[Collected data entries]
text \<open>Quaternions are modelled as pairs (real part, imaginary part in R^3);
  Im(H), R^3 and (R^3)^* are all identified with real^3 via the Euclidean
  inner product, so row vectors are also elements of real^3.\<close>

type_synonym quat = "real \<times> (real^3)"

definition qmult :: "quat \<Rightarrow> quat \<Rightarrow> quat" where
  "qmult q r = (fst q * fst r - snd q \<bullet> snd r,
                fst q *\<^sub>R snd r + fst r *\<^sub>R snd q + cross3 (snd q) (snd r))"

definition S2 :: "(real^3) set" where "S2 = {v. norm v = 1}"
definition S3 :: "quat set" where "S3 = {q. norm q = 1}"

text \<open>An element of Im(O), the matrix ((x, A), (b, -x)), is encoded as (x, A, b).\<close>
type_synonym imO = "real \<times> (real^3) \<times> (real^3)"

text \<open>Here p A and b Q are the pairings of
  rows with columns, p x b = det(p,b,.) and Q x A = det(Q,A,.) are the cross
  products, and b T is the row vector times matrix product.\<close>
definition rho :: "real^3^3 \<Rightarrow> real^3 \<Rightarrow> real^3 \<Rightarrow> imO \<Rightarrow> imO" where
  "rho T Q p m = (case m of (x, A, b) \<Rightarrow>
     (p \<bullet> A + b \<bullet> Q,
      T *v A - cross3 p b + (2 * x) *\<^sub>R Q,
      cross3 Q A - b v* T + (2 * x) *\<^sub>R p))"

text \<open>The representative in the null cone of Phi(v,q) (before taking the R^+ ray).\<close>
definition Phi_rep :: "real^3 \<Rightarrow> quat \<Rightarrow> imO" where
  "Phi_rep v q = (let vq = qmult (0, v) q in (fst vq, v + snd vq, v - snd vq))"

text \<open>The pullback under Phi of the vector field induced by rho on the ray space
  (C minus 0)/R^+: the unique tangent vector (xi, eta) at (v,q) in S^2 x S^3 whose
  image under dPhi is the class of rho(m) modulo the ray direction R m, where
  m = Phi_rep v q.\<close>
definition X_roll :: "real^3^3 \<Rightarrow> real^3 \<Rightarrow> real^3 \<Rightarrow> (real^3) \<times> quat \<Rightarrow> (real^3) \<times> quat" where
  "X_roll T Q p vq = (case vq of (v, q) \<Rightarrow>
     THE w. fst w \<bullet> v = 0 \<and> snd w \<bullet> q = 0 \<and>
       (\<exists>l::real. frechet_derivative (\<lambda>z. Phi_rep (fst z) (snd z)) (at (v, q)) w
                  = rho T Q p (Phi_rep v q) + l *\<^sub>R Phi_rep v q))"

text \<open>A vector field X on S^2 x S^3 descends to S^2 x SO(3) under the double cover
  (v,q) |-> (v, x |-> q x conj q) iff it is invariant under the deck transformation
  (v,q) |-> (v,-q), whose differential is (xi, eta) |-> (xi, -eta).\<close>
definition descends_SO3 :: "((real^3) \<times> quat \<Rightarrow> (real^3) \<times> quat) \<Rightarrow> bool" where
  "descends_SO3 X \<longleftrightarrow> (\<forall>v \<in> S2. \<forall>q \<in> S3.
      X (v, -q) = (fst (X (v, q)), - snd (X (v, q))))"

end

theory Submission
  imports Defs
begin

text \<open>Under \<open>\<Phi>\<close> the deck transformation \<open>q \<mapsto> -q\<close> becomes the involution
  \<open>(x, A, b) \<mapsto> (-x, b, A)\<close> of \<open>Im(\<bbbO>)\<close>, and conjugating \<open>\<rho>(T, Q, p)\<close> by it gives
  \<open>\<rho>(-T\<^sup>t, -p, -Q)\<close>. Lifts through \<open>\<Phi>\<close> of vectors tangent to the cone are unique, so
  the rolling field descends iff the fields of \<open>(T, Q, p)\<close> and \<open>(-T\<^sup>t, -p, -Q)\<close> coincide.
  At \<open>q = 1\<close> we have \<open>\<Phi>(v, 1) = (0, 2v, 0)\<close>, where the two values of \<open>\<rho>\<close> differ by
  \<open>((p + Q) v, (T + T\<^sup>t) v, (p + Q) \<times> v)\<close>; this must lie on the ray through \<open>(0, v, 0)\<close>.
  Hence \<open>p + Q \<bottom> v\<close> and \<open>v\<close> is an eigenvector of \<open>T + T\<^sup>t\<close> for every \<open>v\<close>, so
  \<open>p + Q = 0\<close> and \<open>T + T\<^sup>t\<close> is scalar, hence zero because it is traceless.\<close>

definition to_imO :: "real^3 \<Rightarrow> quat \<Rightarrow> imO" where
  "to_imO a z = (fst z, a + snd z, a - snd z)"

lemma to_imO_eq_iff: "to_imO a z = to_imO b y \<longleftrightarrow> a = b \<and> z = y"
  by (auto simp: to_imO_def prod_eq_iff vec_eq_iff) (smt (verit))+

lemma to_imO_add: "to_imO a z + to_imO b y = to_imO (a + b) (z + y)"
  by (simp add: to_imO_def)

lemma to_imO_scaleR: "c *\<^sub>R to_imO a z = to_imO (c *\<^sub>R a) (c *\<^sub>R z)"
  by (simp add: to_imO_def scaleR_right_distrib scaleR_right_diff_distrib)

lemma to_imO_surj: "\<exists>a z. m = to_imO a z"
proof -
  obtain x A b where "m = (x, A, b)" by (cases m) auto
  then have "m = to_imO ((1/2) *\<^sub>R (A + b)) (x, (1/2) *\<^sub>R (A - b))"
    by (simp add: to_imO_def vec_eq_iff field_simps)
  then show ?thesis by blast
qed

lemma Phi_rep_to_imO: "Phi_rep v q = to_imO v (qmult (0, v) q)"
  by (simp add: Phi_rep_def to_imO_def Let_def)

lemmas qmult_coords =
  cross3_def inner_vec_def sum_3 vec_eq_iff forall_3 vector_3 inner_Pair prod_eq_iff qmult_def

lemma qmult_imag_imag: "qmult (0, v) (qmult (0, v) y) = - (v \<bullet> v) *\<^sub>R y"
  by (cases y) (simp add: qmult_coords algebra_simps)

lemma inner_qmult_imag_left: "qmult (0, v) y \<bullet> z = - (y \<bullet> qmult (0, v) z)"
proof -
  obtain y0 y1 z0 z1 where yz: "y = (y0, y1)" "z = (z0, z1)" by (cases y, cases z)
  show ?thesis by (simp add: yz qmult_coords algebra_simps)
qed

lemma inner_qmult_imag_same_right: "qmult (0, a) q \<bullet> qmult (0, b) q = (a \<bullet> b) * (q \<bullet> q)"
proof -
  obtain q0 q1 where q: "q = (q0, q1)" by (cases q)
  show ?thesis by (simp add: q qmult_coords algebra_simps)
qed

lemma qmult_minus_right: "qmult y (- q) = - qmult y q"
  by (simp add: qmult_def algebra_simps cross_minus_right)

lemma qmult_zero_left: "qmult 0 q = 0"
  by (simp add: qmult_def zero_prod_def)

definition dPhi :: "real^3 \<Rightarrow> quat \<Rightarrow> (real^3) \<times> quat \<Rightarrow> imO" where
  "dPhi v q w = to_imO (fst w) (qmult (0, fst w) q + qmult (0, v) (snd w))"

lemma has_derivative_Phi_rep:
  "((\<lambda>z. Phi_rep (fst z) (snd z)) has_derivative dPhi v q) (at (v, q))"
proof -
  have bilinear: "bounded_bilinear cross3"
    using bilinear_cross bilinear_conv_bounded_bilinear by blast
  have Phi_rep_coords: "(\<lambda>z. Phi_rep (fst z) (snd z)) = (\<lambda>z. (- (fst z \<bullet> snd (snd z)),
     fst z + (fst (snd z) *\<^sub>R fst z + cross3 (fst z) (snd (snd z))),
     fst z - (fst (snd z) *\<^sub>R fst z + cross3 (fst z) (snd (snd z)))))"
    by (auto simp: fun_eq_iff Phi_rep_def qmult_def)
  show ?thesis
    unfolding Phi_rep_coords
    by (rule has_derivative_eq_rhs,
        (rule has_derivative_Pair has_derivative_add has_derivative_diff has_derivative_minus
          has_derivative_inner has_derivative_scaleR has_derivative_fst has_derivative_snd
          bounded_bilinear.FDERIV[OF bilinear] has_derivative_ident)+)
       (auto simp: fun_eq_iff algebra_simps dPhi_def to_imO_def qmult_def)
qed

lemma dPhi_diff: "dPhi v q (w - w') = dPhi v q w - dPhi v q w'"
  by (simp add: dPhi_def to_imO_def qmult_def algebra_simps Cross3.left_diff_distrib
      Cross3.right_diff_distrib)

text \<open>Twice the polar form of the quadratic form \<open>-x\<^sup>2 + b A\<close> cutting out the null cone \<open>C\<close>:
  \<open>r\<close> is tangent to \<open>C\<close> at \<open>m\<close> iff \<open>cone_polar m r = 0\<close>.\<close>

definition cone_polar :: "imO \<Rightarrow> imO \<Rightarrow> real" where
  "cone_polar m r = - 2 * fst m * fst r + snd (snd m) \<bullet> fst (snd r) + snd (snd r) \<bullet> fst (snd m)"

PROBLEM TO WORK ON →
Begin at the first line of the records above and quote every line verbatim through the one that contains "(p \<bullet> A".

SOLUTION FOR THIS PROBLEM →
text \<open>Quaternions are modelled as pairs (real part, imaginary part in R^3);
  Im(H), R^3 and (R^3)^* are all identified with real^3 via the Euclidean
  inner product, so row vectors are also elements of real^3.\<close>

type_synonym quat = "real \<times> (real^3)"

definition qmult :: "quat \<Rightarrow> quat \<Rightarrow> quat" where
  "qmult q r = (fst q * fst r - snd q \<bullet> snd r,
                fst q *\<^sub>R snd r + fst r *\<^sub>R snd q + cross3 (snd q) (snd r))"

definition S2 :: "(real^3) set" where "S2 = {v. norm v = 1}"
definition S3 :: "quat set" where "S3 = {q. norm q = 1}"

text \<open>An element of Im(O), the matrix ((x, A), (b, -x)), is encoded as (x, A, b).\<close>
type_synonym imO = "real \<times> (real^3) \<times> (real^3)"

text \<open>Here p A and b Q are the pairings of
  rows with columns, p x b = det(p,b,.) and Q x A = det(Q,A,.) are the cross
  products, and b T is the row vector times matrix product.\<close>
definition rho :: "real^3^3 \<Rightarrow> real^3 \<Rightarrow> real^3 \<Rightarrow> imO \<Rightarrow> imO" where
  "rho T Q p m = (case m of (x, A, b) \<Rightarrow>
     (p \<bullet> A + b \<bullet> Q,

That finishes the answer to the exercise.